Os royalties de Itaipú pagos aos municípios paranaenses são em decorrência, no geral, das perdas financeiras pelo alagamento da represa. Muito bem, vamos refletir um pouco sobre isto.

A dívida do empreendimento é de 1 bilhão de dólares por ano, conforme o anexo C do tratado. Ela será quitada no início de 2022, diante de algumas antecipações que foram feitas ao longo dos anos, na verdade venceria apenas em 2023.
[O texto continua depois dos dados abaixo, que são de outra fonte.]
(* Let $G$ be a graph that contains an induced subgraph $T$ isomorphic to the path $P_3$ on three vertices or to the triangle $C_3$, such that every vertex of $T$ has degree exactly $3$ in $G$. If $\chi_c^{\star}(G\setminus T)\leq 4$, then $\chi_c^{\star}(G)\leq 4$.
   Context: All graphs are finite and simple. $G\setminus T$ denotes the subgraph of $G$ induced by the vertices not in $T$. A correspondence-cover of a graph $G$ is a pair $(L,H)$ where $H$ is a graph and $L$ maps each $v\in V(G)$ to a subset $L(v)\subseteq V(H)$ such that: the sets $L(v)$ partition $V(H)$; each $L(v)$ induces a clique in $H$; if $uv\notin E(G)$ there are no edges of $H$ between $L(u)$ and $L(v)$; if $uv\in E(G)$ the edges of $H$ between $L(u)$ and $L(v)$ form a matching. The cover is $k$-fold if $|L(v)|=k$ for all $v$. An independent transversal of $(L,H)$ is an independent set of $H$ containing exactly one vertex of each $L(v)$. A $k$-fold cover has a packing if it has $k$ pairwise vertex-disjoint independent transversals. $\chi_c^{\star}(G)$ is the least $k\geq 1$ such that every $k$-fold correspondence-cover of $G$ has a packing. *)

theory Defs
  imports Main
begin

definition graph :: "'a set \<Rightarrow> 'a set set \<Rightarrow> bool" where
  "graph V E \<longleftrightarrow> finite V \<and>
     (\<forall>e\<in>E. \<exists>u v. e = {u, v} \<and> u \<noteq> v \<and> u \<in> V \<and> v \<in> V)"

definition degree :: "'a set \<Rightarrow> 'a set set \<Rightarrow> 'a \<Rightarrow> nat" where
  "degree V E v = card {u \<in> V. {u, v} \<in> E}"

definition induced_edges :: "'a set set \<Rightarrow> 'a set \<Rightarrow> 'a set set" where
  "induced_edges E S = {e \<in> E. e \<subseteq> S}"

definition corr_cover :: "'a set \<Rightarrow> 'a set set \<Rightarrow> ('a \<Rightarrow> 'b set) \<Rightarrow> 'b set \<Rightarrow> 'b set set \<Rightarrow> bool" where
  "corr_cover V E L VH EH \<longleftrightarrow>
     graph VH EH \<and>
     (\<forall>v\<in>V. L v \<subseteq> VH) \<and> (\<Union>v\<in>V. L v) = VH \<and>
     (\<forall>u\<in>V. \<forall>v\<in>V. u \<noteq> v \<longrightarrow> L u \<inter> L v = {}) \<and>
     (\<forall>v\<in>V. \<forall>x\<in>L v. \<forall>y\<in>L v. x \<noteq> y \<longrightarrow> {x, y} \<in> EH) \<and>
     (\<forall>u\<in>V. \<forall>v\<in>V. u \<noteq> v \<longrightarrow> {u, v} \<notin> E \<longrightarrow>
        (\<forall>x\<in>L u. \<forall>y\<in>L v. {x, y} \<notin> EH)) \<and>
     (\<forall>u\<in>V. \<forall>v\<in>V. {u, v} \<in> E \<longrightarrow>
        (\<forall>x\<in>L u. \<forall>y1\<in>L v. \<forall>y2\<in>L v. {x, y1} \<in> EH \<longrightarrow> {x, y2} \<in> EH \<longrightarrow> y1 = y2))"

definition kfold_cover :: "nat \<Rightarrow> 'a set \<Rightarrow> 'a set set \<Rightarrow> ('a \<Rightarrow> 'b set) \<Rightarrow> 'b set \<Rightarrow> 'b set set \<Rightarrow> bool" where
  "kfold_cover k V E L VH EH \<longleftrightarrow> corr_cover V E L VH EH \<and> (\<forall>v\<in>V. card (L v) = k)"

definition indep_transversal :: "'a set \<Rightarrow> ('a \<Rightarrow> 'b set) \<Rightarrow> 'b set \<Rightarrow> 'b set set \<Rightarrow> 'b set \<Rightarrow> bool" where
  "indep_transversal V L VH EH I \<longleftrightarrow>
     I \<subseteq> VH \<and> (\<forall>x\<in>I. \<forall>y\<in>I. {x, y} \<notin> EH) \<and> (\<forall>v\<in>V. card (I \<inter> L v) = 1)"

definition has_packing :: "nat \<Rightarrow> 'a set \<Rightarrow> ('a \<Rightarrow> 'b set) \<Rightarrow> 'b set \<Rightarrow> 'b set set \<Rightarrow> bool" where
  "has_packing k V L VH EH \<longleftrightarrow>
     (\<exists>I :: nat \<Rightarrow> 'b set. (\<forall>i<k. indep_transversal V L VH EH (I i)) \<and>
        (\<forall>i<k. \<forall>j<k. i \<noteq> j \<longrightarrow> I i \<inter> I j = {}))"

text \<open>Correspondence packing number. Covers are taken with H having vertices in nat;
  since V(H) is finite, every cover is isomorphic to one of this form.\<close>
definition chi_c_star :: "'a set \<Rightarrow> 'a set set \<Rightarrow> nat" where
  "chi_c_star V E = (LEAST k. 1 \<le> k \<and>
     (\<forall>(L :: 'a \<Rightarrow> nat set) VH EH. kfold_cover k V E L VH EH \<longrightarrow> has_packing k V L VH EH))"

end

theory Submission
  imports Defs "HOL-Combinatorics.Transposition"
begin

(* Take a packing of G - T with 4 transversals and extend each of them to T. A vertex x of T has
   3 - deg_T(x) neighbours outside T, so the elements of L x blocked for colour i by those
   neighbours form a bipartite conflict graph between the colours and L x of maximum degree at
   most 2; the degree is at most 1 for the middle vertex b, and for all of T when T is a triangle.
   After renumbering the lists so that the conflicts at b and the matchings between consecutive
   lists lie on the diagonal, it remains to find permutations of {0, 1, 2, 3} avoiding a few 4 x 4
   relations of bounded degree, which is a finite check. Passing between chi_c_star and
   packability uses that packability is monotone in k and holds for k = 2|V| + 1, by a greedy
   colouring that removes conflicts by swapping colours. *)

lemma graph_finite: "graph V E \<Longrightarrow> finite V"
  unfolding graph_def by simp

lemma graph_no_loop: "graph V E \<Longrightarrow> {x, x} \<notin> E"
  unfolding graph_def by auto

lemma graph_edge_subgraph:
  assumes "graph V E" "finite S" "E' \<subseteq> {e\<in>E. e \<subseteq> S}"
  shows "graph S E'"
  unfolding graph_def
proof (intro conjI ballI)
  fix e assume "e \<in> E'"
  then have "e \<in> E" "e \<subseteq> S" using assms(3) by auto
  moreover obtain u v where "e = {u, v}" "u \<noteq> v"
    using assms(1) \<open>e \<in> E\<close> unfolding graph_def by blast
  ultimately show "\<exists>u v. e = {u, v} \<and> u \<noteq> v \<and> u \<in> S \<and> v \<in> S" by auto
qed (fact assms(2))

lemma graph_induced: "graph V E \<Longrightarrow> S \<subseteq> V \<Longrightarrow> graph S (induced_edges E S)"
  by (rule graph_edge_subgraph)
    (auto simp: induced_edges_def intro: finite_subset dest: graph_finite)

lemma degree_split:
  assumes "graph V E" "S \<subseteq> T" "T \<subseteq> V" "\<forall>u\<in>S. {u, x} \<in> E"
  shows "card {w\<in>V - T. {w, x} \<in> E} + card S \<le> degree V E x"
proof -
  have "finite V" using assms(1) by (rule graph_finite)
  have "card {w\<in>V - T. {w, x} \<in> E} + card S = card ({w\<in>V - T. {w, x} \<in> E} \<union> S)"
    using \<open>finite V\<close> assms(2,3) by (intro card_Un_disjoint[symmetric]) (auto intro: finite_subset)
  also have "\<dots> \<le> degree V E x"
    unfolding degree_def using \<open>finite V\<close> assms(2-4) by (intro card_mono) auto
  finally show ?thesis .
qed

lemma corr_cover_graph: "corr_cover V E L VH EH \<Longrightarrow> graph VH EH"
  unfolding corr_cover_def by simp

lemma corr_cover_subset: "corr_cover V E L VH EH \<Longrightarrow> v \<in> V \<Longrightarrow> L v \<subseteq> VH"
  unfolding corr_cover_def by simp

lemma corr_cover_finite: "corr_cover V E L VH EH \<Longrightarrow> v \<in> V \<Longrightarrow> finite (L v)"
  by (meson corr_cover_graph corr_cover_subset finite_subset graph_finite)

lemma corr_cover_owner_unique:
  "corr_cover V E L VH EH \<Longrightarrow> u \<in> V \<Longrightarrow> v \<in> V \<Longrightarrow> x \<in> L u \<Longrightarrow> x \<in> L v \<Longrightarrow> u = v"
  unfolding corr_cover_def by (meson disjoint_iff)

lemma corr_cover_clique:
  "corr_cover V E L VH EH \<Longrightarrow> v \<in> V \<Longrightarrow> x \<in> L v \<Longrightarrow> y \<in> L v \<Longrightarrow> x \<noteq> y \<Longrightarrow> {x, y} \<in> EH"
  unfolding corr_cover_def by simp

lemma corr_cover_nonadjacent:
  "corr_cover V E L VH EH \<Longrightarrow> u \<in> V \<Longrightarrow> v \<in> V \<Longrightarrow> u \<noteq> v \<Longrightarrow> {u, v} \<notin> E \<Longrightarrow>
    x \<in> L u \<Longrightarrow> y \<in> L v \<Longrightarrow> {x, y} \<notin> EH"
  unfolding corr_cover_def by simp

lemma corr_cover_matching:
  "corr_cover V E L VH EH \<Longrightarrow> u \<in> V \<Longrightarrow> v \<in> V \<Longrightarrow> {u, v} \<in> E \<Longrightarrow> x \<in> L u \<Longrightarrow>
    y \<in> L v \<Longrightarrow> y' \<in> L v \<Longrightarrow> {x, y} \<in> EH \<Longrightarrow> {x, y'} \<in> EH \<Longrightarrow> y = y'"
  unfolding corr_cover_def by simp

lemma corr_cover_restrict:
  assumes cover: "corr_cover V E L VH EH" and V': "V' \<subseteq> V" and L': "\<forall>v\<in>V'. L' v \<subseteq> L v"
    and E': "\<And>u v. u \<in> V' \<Longrightarrow> v \<in> V' \<Longrightarrow> {u, v} \<in> E' \<longleftrightarrow> {u, v} \<in> E"
  shows "corr_cover V' E' L' (\<Union>v\<in>V'. L' v) {e\<in>EH. e \<subseteq> (\<Union>v\<in>V'. L' v)}"
    (is "corr_cover _ _ _ ?W ?EW")
  unfolding corr_cover_def
proof (intro conjI ballI impI)
  have "?W \<subseteq> VH"
    using corr_cover_subset[OF cover] V' L' by fast
  then have "finite ?W"
    using graph_finite[OF corr_cover_graph[OF cover]] by (rule finite_subset)
  then show "graph ?W ?EW"
    by (rule graph_edge_subgraph[OF corr_cover_graph[OF cover]]) auto
next
  fix u v assume "u \<in> V'" "v \<in> V'" "u \<noteq> v"
  then show "L' u \<inter> L' v = {}"
    using corr_cover_owner_unique[OF cover, of u v] V' L' by auto
next
  fix v x y assume "v \<in> V'" "x \<in> L' v" "y \<in> L' v" "x \<noteq> y"
  then show "{x, y} \<in> ?EW"
    using corr_cover_clique[OF cover, of v x y] V' L' by auto
next
  fix u v x y assume "u \<in> V'" "v \<in> V'" "u \<noteq> v" "{u, v} \<notin> E'" "x \<in> L' u" "y \<in> L' v"
  then show "{x, y} \<notin> ?EW"
    using corr_cover_nonadjacent[OF cover, of u v x y] V' L' E' by auto
next
  fix u v x y y' assume "u \<in> V'" "v \<in> V'" "{u, v} \<in> E'" "x \<in> L' u" "y \<in> L' v" "y' \<in> L' v"
    "{x, y} \<in> ?EW" "{x, y'} \<in> ?EW"
  then show "y = y'"
    using corr_cover_matching[OF cover, of u v x y y'] V' L' E' by auto
qed auto

definition degree_bounded :: "nat \<Rightarrow> 'i set \<Rightarrow> 'j set \<Rightarrow> ('i \<Rightarrow> 'j \<Rightarrow> bool) \<Rightarrow> bool" where
  "degree_bounded d I J R \<longleftrightarrow>
     (\<forall>i\<in>I. card {j\<in>J. R i j} \<le> d) \<and> (\<forall>j\<in>J. card {i\<in>I. R i j} \<le> d)"

lemma degree_bounded_converse: "degree_bounded d I J R \<Longrightarrow> degree_bounded d J I (\<lambda>j i. R i j)"
  unfolding degree_bounded_def by simp

lemma degree_bounded_row_card_le:
  assumes "degree_bounded d I J R" "finite J" "i \<in> I" "S \<subseteq> J" "\<forall>j\<in>S. R i j"
  shows "card S \<le> d"
proof -
  have "card S \<le> card {j\<in>J. R i j}" using assms(2,4,5) by (intro card_mono) auto
  moreover have "card {j\<in>J. R i j} \<le> d" using assms(1,3) unfolding degree_bounded_def by simp
  ultimately show ?thesis by linarith
qed

lemma degree_bounded_col_card_le:
  assumes "degree_bounded d I J R" "finite I" "j \<in> J" "S \<subseteq> I" "\<forall>i\<in>S. R i j"
  shows "card S \<le> d"
  using degree_bounded_row_card_le[OF degree_bounded_converse[OF assms(1)] assms(2-)] .

lemma card_Collect_bij_betw:
  assumes "bij_betw f A B"
  shows "card {x\<in>A. P (f x)} = card {y\<in>B. P y}"
proof -
  have "f ` {x\<in>A. P (f x)} = {y\<in>B. P y}"
    using assms unfolding bij_betw_def by blast
  moreover have "inj_on f {x\<in>A. P (f x)}"
    using assms unfolding bij_betw_def by (auto intro: inj_on_subset)
  ultimately show ?thesis by (metis card_image)
qed

lemma degree_bounded_comp_bij:
  assumes R: "degree_bounded d I J R" and \<alpha>: "bij_betw \<alpha> I' I" and \<beta>: "bij_betw \<beta> J' J"
  shows "degree_bounded d I' J' (\<lambda>i j. R (\<alpha> i) (\<beta> j))"
  unfolding degree_bounded_def
proof (intro conjI ballI)
  fix i assume "i \<in> I'"
  then have "\<alpha> i \<in> I" using \<alpha> unfolding bij_betw_def by blast
  then show "card {j\<in>J'. R (\<alpha> i) (\<beta> j)} \<le> d"
    using R card_Collect_bij_betw[OF \<beta>, of "R (\<alpha> i)"] unfolding degree_bounded_def by simp
next
  fix j assume "j \<in> J'"
  then have "\<beta> j \<in> J" using \<beta> unfolding bij_betw_def by blast
  then show "card {i\<in>I'. R (\<alpha> i) (\<beta> j)} \<le> d"
    using R card_Collect_bij_betw[OF \<alpha>, of "\<lambda>x. R x (\<beta> j)"] unfolding degree_bounded_def by simp
qed

lemma card_le_card_if_subsingleton_cover:
  assumes "finite N" "S \<subseteq> (\<Union>w\<in>N. A w)" and subsingleton: "\<And>w a b. w \<in> N \<Longrightarrow> a \<in> A w \<Longrightarrow> b \<in> A w \<Longrightarrow> a = b"
  shows "card S \<le> card N"
proof -
  have "\<forall>x\<in>S. \<exists>w\<in>N. x \<in> A w" using assms(2) by blast
  then obtain f where f: "\<forall>x\<in>S. f x \<in> N \<and> x \<in> A (f x)" by metis
  then have "inj_on f S" by (metis inj_onI subsingleton)
  then show ?thesis using f assms(1) by (intro card_inj_on_le) auto
qed

lemma matching_degree_bounded:
  assumes cover: "corr_cover V E L VH EH" and "x \<in> V" "y \<in> V" "{x, y} \<in> E"
  shows "degree_bounded 1 (L x) (L y) (\<lambda>p q. {p, q} \<in> EH)"
  unfolding degree_bounded_def One_nat_def
proof (intro conjI ballI)
  fix p assume "p \<in> L x"
  then show "card {q\<in>L y. {p, q} \<in> EH} \<le> Suc 0"
    using corr_cover_matching[OF cover \<open>x \<in> V\<close> \<open>y \<in> V\<close> \<open>{x, y} \<in> E\<close>]
      corr_cover_finite[OF cover \<open>y \<in> V\<close>] by (subst card_le_Suc0_iff_eq) auto
next
  fix q assume "q \<in> L y"
  have "{y, x} \<in> E" using \<open>{x, y} \<in> E\<close> by (simp add: insert_commute)
  then show "card {p\<in>L x. {p, q} \<in> EH} \<le> Suc 0"
    using corr_cover_matching[OF cover \<open>y \<in> V\<close> \<open>x \<in> V\<close>] \<open>q \<in> L y\<close>
      corr_cover_finite[OF cover \<open>x \<in> V\<close>] by (subst card_le_Suc0_iff_eq) (auto simp: insert_commute)
qed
Algumas perguntas pairam no ar no Estado do Paraná. Não temos mais um paranaense no comando da Binacional e, em consequência, perdemos este posto estratégico. Parece até a Secretaria da Fazenda do Estado que nos últimos anos nunca mais deixou pisar um paranaense no comando da pasta. Falta de quadros? Obviamente que não. Hoje um carioca, ontem, um paulista.

Outra questão legal e financeira é a de que o ICMS que não fica com o Estado que produziu a energia elétrica, mas com quem a utiliza.

Assim, a antiga província mãe, talvez madrasta, São Paulo, em decorrência de um arranjo legal, enriquece com toda a energia elétrica gerada no Estado do Paraná.

A legislação pode ser mudada? Sim, pode ser alterada, basta vontade e articulação política dos políticos paranaenses.

Mas há vontade política? Somos um celeiro de energia elétrica limpa para o Brasil, mas como ficam as finanças no contexto federativo em decorrência da equivocada distribuição de tributos?

Isso também pode ser questionado, especialmente, quando do pagamento da parcela final do endividamento da Binacional, em 2022. É hora das elites políticas paranaenses se movimentarem, ou melhor, já passou da hora.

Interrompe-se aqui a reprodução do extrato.